Nevertheless, lower-level roads are at various stages of disrepair (especially on the Bulgarian part) making interconnections difficult and reducing mobility especially in the mountain ranges. At the same time, several Egnatia vertical axes as agreed in the Transnational Agreement between Greece and Bulgaria in 1998 still missing or under construction (such as the connection of II-86 to the Greek transport system) and the motorways on the Bulgarian part are incomplete. The area is deficient in terms or railway and multi-modal infrastructure (despite the existence of important ports and airports). Both Greece and Bulgaria have been recently investing in the CB area railway network but it requires considerable investment which is outside the financial capabilities of the present programme.
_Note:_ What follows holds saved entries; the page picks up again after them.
(* Let $L,p,q$ be positive integers with $p\ge 2$ and $p+q\le L$. For any $\varepsilon>0$ there exists a $(p,q)$-cliff sequence $\mathbf{l}\in\mathbb{R}^L$ (of some norm $C>0$) such that $\mathrm{softmax}(\mathbf{l})_i\le\varepsilon$ for every $i\in[1,p-1]\cup[p+q+1,L]$.
   Context: A sequence $\mathbf{l}=(\mathbf{l}_1,\dots,\mathbf{l}_L)\in\mathbb{R}^L$ is called a $(p,q)$-cliff sequence if: (1) (increasing segment) $\mathbf{l}_{i+1}>\mathbf{l}_i$ for all $i<p$; (2) (plateau) $\frac{\mathbf{l}_{p-1}+\mathbf{l}_p}{2}\le\mathbf{l}_j\le\mathbf{l}_p$ for all $j\in\{p+1,\dots,p+q\}$; (3) (descending segment) $\mathbf{l}_i<\mathbf{l}_1$ for all $p+q<i\le L$. Here $\mathrm{softmax}(\mathbf{l})_i=e^{\mathbf{l}_i}/\sum_{k=1}^L e^{\mathbf{l}_k}$. *)

theory Defs
  imports Complex_Main
begin

text \<open>Sequences l = (l_1,...,l_L) in R^L are represented as functions nat => real,
  only the values at indices 1..L being relevant.\<close>

definition cliff_seq :: "nat \<Rightarrow> nat \<Rightarrow> nat \<Rightarrow> (nat \<Rightarrow> real) \<Rightarrow> bool" where
  "cliff_seq L p q l \<longleftrightarrow>
     (\<forall>i. 1 \<le> i \<and> i < p \<longrightarrow> l (i + 1) > l i) \<and>
     (\<forall>j\<in>{p+1..p+q}. (l (p - 1) + l p) / 2 \<le> l j \<and> l j \<le> l p) \<and>
     (\<forall>i. p + q < i \<and> i \<le> L \<longrightarrow> l i < l 1)"

definition softmax :: "nat \<Rightarrow> (nat \<Rightarrow> real) \<Rightarrow> nat \<Rightarrow> real" where
  "softmax L l i = exp (l i) / (\<Sum>k=1..L. exp (l k))"

definition seq_norm :: "nat \<Rightarrow> (nat \<Rightarrow> real) \<Rightarrow> real" where
  "seq_norm L l = sqrt (\<Sum>k=1..L. (l k)\<^sup>2)"

end

theory Submission
  imports Defs
begin

text \<open>Take the sequence rising with slope \<open>M\<close> up to index \<open>p\<close>, constant on the plateau and zero
  afterwards. Every index off the plateau lies at least \<open>M\<close> below the peak \<open>l p\<close>, so its softmax
  weight is at most \<open>exp (- M)\<close>, which is below \<open>\<epsilon>\<close> once \<open>M \<ge> - ln \<epsilon>\<close>.\<close>

definition ramp_plateau :: "nat \<Rightarrow> nat \<Rightarrow> real \<Rightarrow> nat \<Rightarrow> real" where
  "ramp_plateau p q M i = (if i \<le> p then M * real i else if i \<le> p + q then M * real p else 0)"

lemma cliff_seq_ramp_plateau:
  assumes "M > 0" "p \<ge> 1"
  shows "cliff_seq L p q (ramp_plateau p q M)"
  unfolding cliff_seq_def
proof (intro conjI allI impI ballI)
  fix i assume "1 \<le> i \<and> i < p"
  then show "ramp_plateau p q M (i + 1) > ramp_plateau p q M i"
    using assms by (auto simp: ramp_plateau_def)
next
  fix j assume "j \<in> {p+1..p+q}"
  moreover have "real (p - 1) = real p - 1"
    using assms(2) by simp
  ultimately show "(ramp_plateau p q M (p - 1) + ramp_plateau p q M p) / 2 \<le> ramp_plateau p q M j"
    and "ramp_plateau p q M j \<le> ramp_plateau p q M p"
    using assms by (auto simp: ramp_plateau_def)
next
  fix i assume "p + q < i \<and> i \<le> L"
  then show "ramp_plateau p q M i < ramp_plateau p q M 1"
    using assms by (auto simp: ramp_plateau_def)
qed

lemma ramp_plateau_gap:
  assumes "M > 0" "p \<ge> 1" "i \<le> p - 1 \<or> i > p + q"
  shows "ramp_plateau p q M i \<le> ramp_plateau p q M p - M"
  using assms(3)
proof
  assume "i \<le> p - 1"
  then have "M * real i \<le> M * (real p - 1)"
    using assms(1,2) by (intro mult_left_mono) auto
  moreover have "i \<le> p"
    using \<open>i \<le> p - 1\<close> by simp
  ultimately show ?thesis
    by (simp add: ramp_plateau_def algebra_simps)
next
  assume "i > p + q"
  moreover have "M * 1 \<le> M * real p"
    using assms(1,2) by (intro mult_left_mono) auto
  ultimately show ?thesis
    by (simp add: ramp_plateau_def)
qed

lemma softmax_le_exp_diff:
  assumes "k \<in> {1..L}"
  shows "softmax L l i \<le> exp (l i - l k)"
proof -
  have "exp (l k) \<le> (\<Sum>j=1..L. exp (l j))"
    using assms by (intro member_le_sum) auto
  moreover have "0 < (\<Sum>j=1..L. exp (l j))"
    using assms by (intro sum_pos) auto
  ultimately have "exp (l i) / (\<Sum>j=1..L. exp (l j)) \<le> exp (l i) / exp (l k)"
    by (intro divide_left_mono mult_pos_pos) auto
  then show ?thesis
    by (simp add: softmax_def exp_diff)
qed

lemma seq_norm_pos:
  assumes "k \<in> {1..L}" "l k \<noteq> 0"
  shows "seq_norm L l > 0"
proof -
  have "0 < (l k)\<^sup>2"
    using assms(2) by simp
  also have "\<dots> \<le> (\<Sum>j=1..L. (l j)\<^sup>2)"
    using assms(1) by (intro member_le_sum) auto
  finally show ?thesis
    unfolding seq_norm_def by simp
qed

theorem lemmaE5:
  fixes L p q :: nat and \<epsilon> :: real
  assumes "L > 0" "p \<ge> 2" "q > 0" "p + q \<le> L" "\<epsilon> > 0"
  shows "\<exists>l :: nat \<Rightarrow> real. cliff_seq L p q l \<and> seq_norm L l > 0 \<and>
           (\<forall>i \<in> {1..p-1} \<union> {p+q+1..L}. softmax L l i \<le> \<epsilon>)"
proof -
  define M :: real where "M = 1 + \<bar>ln \<epsilon>\<bar>"
  define l where "l = ramp_plateau p q M"
  have "M > 0" "p \<ge> 1" "p \<in> {1..L}"
    using assms by (auto simp: M_def)
  have "softmax L l i \<le> \<epsilon>" if "i \<in> {1..p-1} \<union> {p+q+1..L}" for i
  proof -
    have "softmax L l i \<le> exp (l i - l p)"
      using \<open>p \<in> {1..L}\<close> by (rule softmax_le_exp_diff)
    also have "\<dots> \<le> exp (- M)"
      using ramp_plateau_gap[OF \<open>M > 0\<close> \<open>p \<ge> 1\<close>, of i q] that by (auto simp: l_def)
    also have "\<dots> \<le> exp (ln \<epsilon>)"
      unfolding M_def exp_le_cancel_iff by simp
    also have "\<dots> = \<epsilon>"
      using assms(5) by simp
    finally show ?thesis .
  qed
  moreover have "seq_norm L l > 0"
    using \<open>p \<in> {1..L}\<close> \<open>M > 0\<close> \<open>p \<ge> 1\<close> by (intro seq_norm_pos) (auto simp: l_def ramp_plateau_def)
  ultimately show ?thesis
    using cliff_seq_ramp_plateau[OF \<open>M > 0\<close> \<open>p \<ge> 1\<close>] unfolding l_def by blast
qed

end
This heavy dependence on road transport also increases considerably the environmental footprint of transport activities in the area, especially at the border crossings (e.g. long lines of trucks) and especially during the tourist season. Last but not least, the area lacks accessible public transport for people with disabilities and cross-border public transport services.
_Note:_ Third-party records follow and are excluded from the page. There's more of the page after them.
lemma xs_notin_zero_gap:
  assumes ord: "strict_mono_on {1..n} xs" and "i \<le> n" and k: "k \<in> {1..n}"
  shows "xs k \<notin> zero_gap xs n i"
proof
  assume x: "xs k \<in> zero_gap xs n i"
  show False
  proof (cases "k \<le> i")
    case True
    then have "i \<noteq> 0" "i \<in> {1..n}" using k \<open>i \<le> n\<close> by auto
    then have "xs k \<le> xs i" using strict_mono_on_leD[OF ord k _ True] by auto
    moreover have "xs i < xs k" using x \<open>i \<noteq> 0\<close> by (simp add: zero_gap_def)
    ultimately show False by simp
  next
    case False
    then have "i \<noteq> n" "Suc i \<in> {1..n}" "Suc i \<le> k" using k \<open>i \<le> n\<close> by auto
    then have "xs (Suc i) \<le> xs k" using strict_mono_on_leD[OF ord _ k] by auto
    moreover have "xs k < xs (Suc i)" using x \<open>i \<noteq> n\<close> by (simp add: zero_gap_def)
    ultimately show False by simp
  qed
qed

lemma continuous_on_sign_cases:
  fixes f :: "real \<Rightarrow> real"
  assumes "is_interval S" "continuous_on S f" "\<And>x. x \<in> S \<Longrightarrow> f x \<noteq> 0"
  shows "(\<forall>x\<in>S. 0 < f x) \<or> (\<forall>x\<in>S. f x < 0)"
proof (rule ccontr)
  assume "\<not> ?thesis"
  then obtain u v where "u \<in> S" "v \<in> S" "f v \<le> 0" "0 \<le> f u" by force
  moreover have "is_interval (f ` S)"
    using assms(1,2) by (simp add: is_interval_connected_1 connected_continuous_image)
  ultimately have "0 \<in> f ` S" unfolding is_interval_1 by blast
  then show False using assms(3) by auto
qed

lemma strict_mono_on_if_deriv_pos:
  fixes f :: "real \<Rightarrow> real"
  assumes S: "is_interval S"
    and f': "\<And>x. x \<in> S \<Longrightarrow> (f has_real_derivative f' x) (at x)" "\<And>x. x \<in> S \<Longrightarrow> 0 < f' x"
  shows "strict_mono_on S f"
proof (rule strict_mono_onI)
  fix r s assume "r \<in> S" "s \<in> S" "r < s"
  show "f r < f s"
  proof (rule DERIV_pos_imp_increasing[OF \<open>r < s\<close>])
    fix x assume "r \<le> x" "x \<le> s"
    then have "x \<in> S" using S \<open>r \<in> S\<close> \<open>s \<in> S\<close> by (meson is_interval_1)
    then show "\<exists>y. (f has_real_derivative y) (at x) \<and> 0 < y" using f' by blast
  qed
qed

lemma oriented_integral_eq_diff:
  assumes f: "f integrable_on {p..q}" and "a \<in> {p..q}" "z \<in> {p..q}"
  shows "oriented_integral a z f = integral {p..z} f - integral {p..a} f"
proof (cases "a \<le> z")
  case True
  have "f integrable_on {p..z}"
    by (rule integrable_subinterval_real[OF f]) (use \<open>z \<in> {p..q}\<close> in auto)
  then have "integral {p..a} f + integral {a..z} f = integral {p..z} f"
    using True \<open>a \<in> {p..q}\<close> by (intro Henstock_Kurzweil_Integration.integral_combine) auto
  then show ?thesis using True by (simp add: oriented_integral_def)
next
  case False
  have "f integrable_on {p..a}"
    by (rule integrable_subinterval_real[OF f]) (use \<open>a \<in> {p..q}\<close> in auto)
  then have "integral {p..z} f + integral {z..a} f = integral {p..a} f"
    using False \<open>z \<in> {p..q}\<close> by (intro Henstock_Kurzweil_Integration.integral_combine) auto
  then show ?thesis using False by (simp add: oriented_integral_def)
qed

lemma has_real_derivative_oriented_integral:
  assumes S: "open S" "is_interval S" and f: "continuous_on S f" and "a \<in> S" "x \<in> S"
  shows "((\<lambda>z. oriented_integral a z f) has_real_derivative f x) (at x)"
proof -
  obtain e where e: "e > 0" "ball x e \<subseteq> S" using S(1) \<open>x \<in> S\<close> open_contains_ball by blast
  define p where "p = min a (x - e/2)"
  define q where "q = max a (x + e/2)"
  have "x - e/2 \<in> S" "x + e/2 \<in> S"
    using e by (auto intro!: subsetD[OF e(2)] simp: dist_real_def)
  then have "p \<in> S" "q \<in> S" using \<open>a \<in> S\<close> by (simp_all add: p_def q_def min_def max_def)
  then have "{p..q} \<subseteq> S" using S(2) by (meson atLeastAtMost_iff is_interval_1 subsetI)
  then have cpq: "continuous_on {p..q} f" using f by (rule continuous_on_subset[rotated])
  have px: "p < x" "x < q" using e by (simp_all add: p_def q_def)
  have "((\<lambda>u. integral {p..u} f) has_vector_derivative f x) (at x within {p..q})"
    using integral_has_vector_derivative[OF cpq, of x] px by auto
  moreover have "at x within {p..q} = at x"
    using px by (intro at_within_interior) auto
  ultimately have "((\<lambda>u. integral {p..u} f) has_real_derivative f x) (at x)"
    by (simp add: has_real_derivative_iff_has_vector_derivative)
  then have "((\<lambda>u. integral {p..u} f - integral {p..a} f) has_real_derivative f x) (at x)"
    by (rule DERIV_diff[OF _ DERIV_const, simplified])
  then show ?thesis
  proof (rule has_field_derivative_transform_within_open[of _ _ _ "{p<..<q}"])
    fix z assume "z \<in> {p<..<q}"
    then show "integral {p..z} f - integral {p..a} f = oriented_integral a z f"
      using oriented_integral_eq_diff[OF integrable_continuous_interval[OF cpq], of a z]
      by (auto simp: p_def q_def)
  qed (use px in auto)
qed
Labor Market, Poverty and Social Inclusion

While in 2007 unemployment rates for the CB districts were on the average near or below the national rates and below the EU27 average rate, unemployment started to rapidly increase – especially in Greece – soon after the wake of the economic crisis in 2008 reaching record high levels in 2013. The Bulgarian districts succeeded to keep unemployment rates near or lower than the EU27 average. Currently, the high disparities among the CB districts have not dissipated. The latest data exhibit the following high unemployment rates (2013): Xanthi 37,5%, Drama 36,8%, Thessaloniki 32,1%, Serres 22,9%, Kavala 22,8%, Evros 22%, Smolyan 20,3% and Rodopi 16,8%. In addition, long term unemployment rates have increased sharply – especially for the Greek regions – after 2009, indicating a risk of large structural unemployment which in turn implies the existence of inefficient labour markets and a mismatch between labour market demand and the available skills and locations of the workers seeking employment. According to the ESPON DEMIFER project the CB area shows significantly higher values of long-term unemployed persons compared to the EU28. Youth unemployment rates display similar trends and are attributed to the lackluster economic growth, the rigid labour market, and the mismatch between potential employee skills and employers’ needs in Greece and Bulgaria.
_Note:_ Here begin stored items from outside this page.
(* Let $\phi:[0,\infty)\to[0,\infty)$ be an increasing bijection such that $\sum_{k=1}^\infty\frac{1}{1\vee\log(\phi^{-1}(k))}=\infty$. Then there exist an increasing bijection $\psi:[0,\infty)\to[0,\infty)$ with $\psi(x)\leq\phi(x)$ and $\psi(x)\leq\sqrt{x}$ for every $x\geq0$, and a strictly increasing function $a:\mathbb{N}\to\mathbb{N}$ satisfying \[ \lim_{k\to\infty}\big(a(k)-a(k-1)\big)=+\infty \qquad\text{and}\qquad \sum_{k=1}^\infty\frac{1}{1\vee\log(\psi^{-1}(a(k)))}=\infty, \] such that every sequence $(z_n)_{n\geq0}$ of positive reals satisfying $\limsup_{n\to\infty}e^{\phi(n)}z_n<\infty$ satisfies \[ \liminf_{k\to\infty}\frac1k\#\{1\leq r\leq k: z\text{ is }\psi\text{-good on scale }a(r)\}\geq\frac12 . \]
   Context: For a positive sequence $z=(z_n)_{n\geq0}$ with $z_n\to0$, let $z_n^*=\min_{0\leq m\leq n}z_m$ and $k_0=\lceil 2\log z_0^{-1}\rceil$. For $k\geq k_0$ let $D_k=(\{z_m^*:m\geq1\}\cap[e^{-k-1},e^{-k}])\cup\{e^{-k},e^{-k-1}\}$, $N_k=|D_k|-1$, and list the elements of $D_k$ in decreasing order as $e^{-k}=d_{0,k}>d_{1,k}>\dots>d_{N_k,k}=e^{-k-1}$. For an increasing function $\psi$, write $\psi^{-1}(x)=\min\{y\geq0:\psi(y)\geq x\}$. For $k\geq k_0$, $z$ is $\psi$-good on scale $k$ if \[ \prod\Big\{\tfrac{d_{i+1,k}}{d_{i,k}}:0\leq i<N_k,\ \tfrac{d_{i+1,k}}{d_{i,k}}\leq\exp\big[-\tfrac{k}{2\psi^{-1}(k)}\big]\Big\}\leq e^{-1/2}. \] (Goodness is only defined for scales $k\geq k_0$; the finitely many scales $a(r)<k_0$ do not affect the $\liminf$.) $\phi^{-1}$ is the inverse of $\phi$. *)

theory Defs
  imports "HOL-Analysis.Analysis"
begin

definition inc_bij :: "(real \<Rightarrow> real) \<Rightarrow> bool" where
  "inc_bij f \<longleftrightarrow> mono_on {0..} f \<and> bij_betw f {0..} {0..}"

definition ginv :: "(real \<Rightarrow> real) \<Rightarrow> real \<Rightarrow> real" where
  "ginv f x = (LEAST y::real. 0 \<le> y \<and> x \<le> f y)"

definition zstar :: "(nat \<Rightarrow> real) \<Rightarrow> nat \<Rightarrow> real" where
  "zstar z n = Min {z m | m. m \<le> n}"

definition kzero :: "(nat \<Rightarrow> real) \<Rightarrow> int" where
  "kzero z = \<lceil>2 * ln (1 / z 0)\<rceil>"

definition Dset :: "(nat \<Rightarrow> real) \<Rightarrow> nat \<Rightarrow> real set" where
  "Dset z k = ({zstar z m | m. m \<ge> 1} \<inter> {exp (- real k - 1) .. exp (- real k)})
              \<union> {exp (- real k), exp (- real k - 1)}"

definition dlist :: "(nat \<Rightarrow> real) \<Rightarrow> nat \<Rightarrow> real list" where
  "dlist z k = rev (sorted_list_of_set (Dset z k))"

definition Nk :: "(nat \<Rightarrow> real) \<Rightarrow> nat \<Rightarrow> nat" where
  "Nk z k = card (Dset z k) - 1"

text \<open>z is psi-good on scale k (only defined for k \<ge> k_0).\<close>
definition good :: "(real \<Rightarrow> real) \<Rightarrow> (nat \<Rightarrow> real) \<Rightarrow> nat \<Rightarrow> bool" where
  "good \<psi> z k \<longleftrightarrow> int k \<ge> kzero z \<and>
     (let d = dlist z k;
          thr = exp (- (real k / (2 * ginv \<psi> (real k))))
      in (\<Prod>i\<in>{i. i < Nk z k \<and> d ! (i+1) / d ! i \<le> thr}. d ! (i+1) / d ! i) \<le> exp (- 1 / 2))"

end

theory Submission
  imports Defs "HOL-Real_Asymp.Real_Asymp"
begin

(*
  Take psi x = min (sqrt x / 2) (min (phi (sqrt x) / 2) (phi x)). The two square-root
  terms give psi^-1(k) >= max (4 k^2) (phi^-1(2k)^2) >= k (k + phi^-1(2k)).

  If e^phi(n) z_n <= C for n >= n0, the running minimum z*_m lies below e^(-k-1) once
  m > n0 + phi^-1(k + 1 + ln C), so for large k there are N_k <= k + phi^-1(2k) ratios
  d_(i+1)/d_i. They multiply to e^-1, and those above the threshold
  t = exp (-k / (2 psi^-1(k))) multiply to at least t^N_k >= e^(-1/2); so the small ones
  multiply to at most e^(-1/2). Every large scale is therefore good, and the density in
  the conclusion tends to 1 along any strictly increasing a.

  The series for psi diverges because
  max 1 (ln psi^-1(n)) <= 4 max (1 + ln (n+1)) (max 1 (ln phi^-1(2n+1))):
  the odd terms of the hypothesis series still diverge by monotonicity, and the maximum
  with 1 + ln (n+1) is harmless since n / ln n tends to infinity. Finally a is built with steps a(k+1) - a(k) ~ sqrt (S (a k)), S the partial
  sums: the increment of sqrt (S + 1) over the block starting at a k is at most the term
  at a k, so the series along a still diverges while the gaps tend to infinity.
*)

section \<open>Increasing bijections of the half-line\<close>

lemma inc_bijD:
  assumes "inc_bij f"
  shows inc_bij_nonneg: "0 \<le> x \<Longrightarrow> 0 \<le> f x"
    and inc_bij_strict_mono: "0 \<le> x \<Longrightarrow> x < y \<Longrightarrow> f x < f y"
    and inc_bij_surj: "0 \<le> y \<Longrightarrow> \<exists>x\<ge>0. f x = y"
proof -
  have m: "mono_on {0..} f" and b: "bij_betw f {0..} {0..}"
    using assms by (auto simp: inc_bij_def)
  show "0 \<le> x \<Longrightarrow> 0 \<le> f x" using b by (auto simp: bij_betw_def)
  show "0 \<le> y \<Longrightarrow> \<exists>x\<ge>0. f x = y" using b by (force simp: bij_betw_def)
  assume "0 \<le> x" "x < y"
  moreover from this have "f x \<le> f y" using m by (auto simp: mono_on_def)
  moreover have "f x \<noteq> f y"
    using b \<open>0 \<le> x\<close> \<open>x < y\<close> unfolding bij_betw_def inj_on_def by force
  ultimately show "f x < f y" by simp
qed

lemma inc_bijI:
  assumes "\<And>x. 0 \<le> x \<Longrightarrow> 0 \<le> f x"
    and "\<And>x y. 0 \<le> x \<Longrightarrow> x < y \<Longrightarrow> f x < f y"
    and "\<And>y. 0 \<le> y \<Longrightarrow> \<exists>x\<ge>0. f x = y"
  shows "inc_bij f"
proof -
  have "mono_on {0..} f" using assms(2) by (force simp: mono_on_def less_eq_real_def)
  moreover have "inj_on f {0..}"
    by (rule inj_onI) (metis assms(2) atLeast_iff linorder_neq_iff order_less_irrefl)
  moreover have "f ` {0..} = {0..}" using assms(1,3) by (auto simp: image_iff)
  ultimately show ?thesis by (auto simp: inc_bij_def bij_betw_def)
qed

lemma inc_bij_le_iff:
  assumes "inc_bij f" "0 \<le> x" "0 \<le> y"
  shows "f x \<le> f y \<longleftrightarrow> x \<le> y"
  using inc_bij_strict_mono[OF assms(1), of x y] inc_bij_strict_mono[OF assms(1), of y x] assms(2,3)
  by (cases x y rule: linorder_cases) auto

lemma inc_bij_min:
  assumes f: "inc_bij f" and g: "inc_bij g"
  shows "inc_bij (\<lambda>x. min (f x) (g x))"
proof (rule inc_bijI)
  show "0 \<le> min (f x) (g x)" if "0 \<le> x" for x
    using that inc_bij_nonneg[OF f] inc_bij_nonneg[OF g] by simp
  show "min (f x) (g x) < min (f y) (g y)" if "0 \<le> x" "x < y" for x y
    using that inc_bij_strict_mono[OF f] inc_bij_strict_mono[OF g] by (simp add: min_less_iff_disj)
  fix y :: real assume "0 \<le> y"
  then obtain x1 x2 where x1: "0 \<le> x1" "f x1 = y" and x2: "0 \<le> x2" "g x2 = y"
    using inc_bij_surj[OF f] inc_bij_surj[OF g] by metis
  show "\<exists>x\<ge>0. min (f x) (g x) = y"
  proof (cases "x1 \<le> x2")
    case True
    then have "y \<le> f x2" using inc_bij_le_iff[OF f x1(1) x2(1)] x1 by simp
    then show ?thesis using x2 by (intro exI[of _ x2]) auto
  next
    case False
    then have "y \<le> g x1" using inc_bij_le_iff[OF g x2(1) x1(1)] x2 by simp
    then show ?thesis using x1 by (intro exI[of _ x1]) auto
  qed
qed

lemma inc_bij_comp:
  assumes f: "inc_bij f" and g: "inc_bij g"
  shows "inc_bij (\<lambda>x. f (g x))"
proof (rule inc_bijI)
  show "0 \<le> f (g x)" if "0 \<le> x" for x using that inc_bij_nonneg[OF f] inc_bij_nonneg[OF g] by simp
  show "f (g x) < f (g y)" if "0 \<le> x" "x < y" for x y
    using that inc_bij_nonneg[OF g] inc_bij_strict_mono[OF f] inc_bij_strict_mono[OF g] by simp
  show "\<exists>x\<ge>0. f (g x) = y" if "0 \<le> y" for y
    by (metis that inc_bij_surj[OF f] inc_bij_surj[OF g])
qed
In addition, the CB area exhibits considerably higher than EU28 percentages of population at risk of poverty or social exclusion (3-4 times higher). The main reason for the large divergence is the comparatively higher long term unemployment rates, and the higher share of people living in areas with low work intensity and low income levels. With respect to the latter, the share of people living in areas with low work intensity has been rising since 2010 in Bulgarian and Greek territories alike.

The large number of people experiencing poverty and social exclusion in the CB area is also attributable to the presence of various vulnerable groups such as minorities, internal migrants, asylum seekers and foreign persons under subsidiary protection. The higher risk of poverty and social exclusion among these groups is primarily connected to long-term unemployment and economic inactivity.

The rising incidence of poverty has many social consequences, one of which is the deteriorating public health conditions. Even though the CB area enjoys the availability of basic health care resources (e.g. hospitals and doctors) at levels near, or even better in several cases, than the EU28 average, the average life expectancy is lower than EU28 levels and many epidemiological indicators record higher values. Overall, Greek districts have exhibited higher life expectancy than Bulgarian districts in the past, but since poverty forces more people to resort to hospital care (more than a 20% increase has been documented in Greece after 2010), it appears that Greek districts may be more at risk of deteriorating health care conditions in the near future, thereby lowering overall public health levels in the CB area.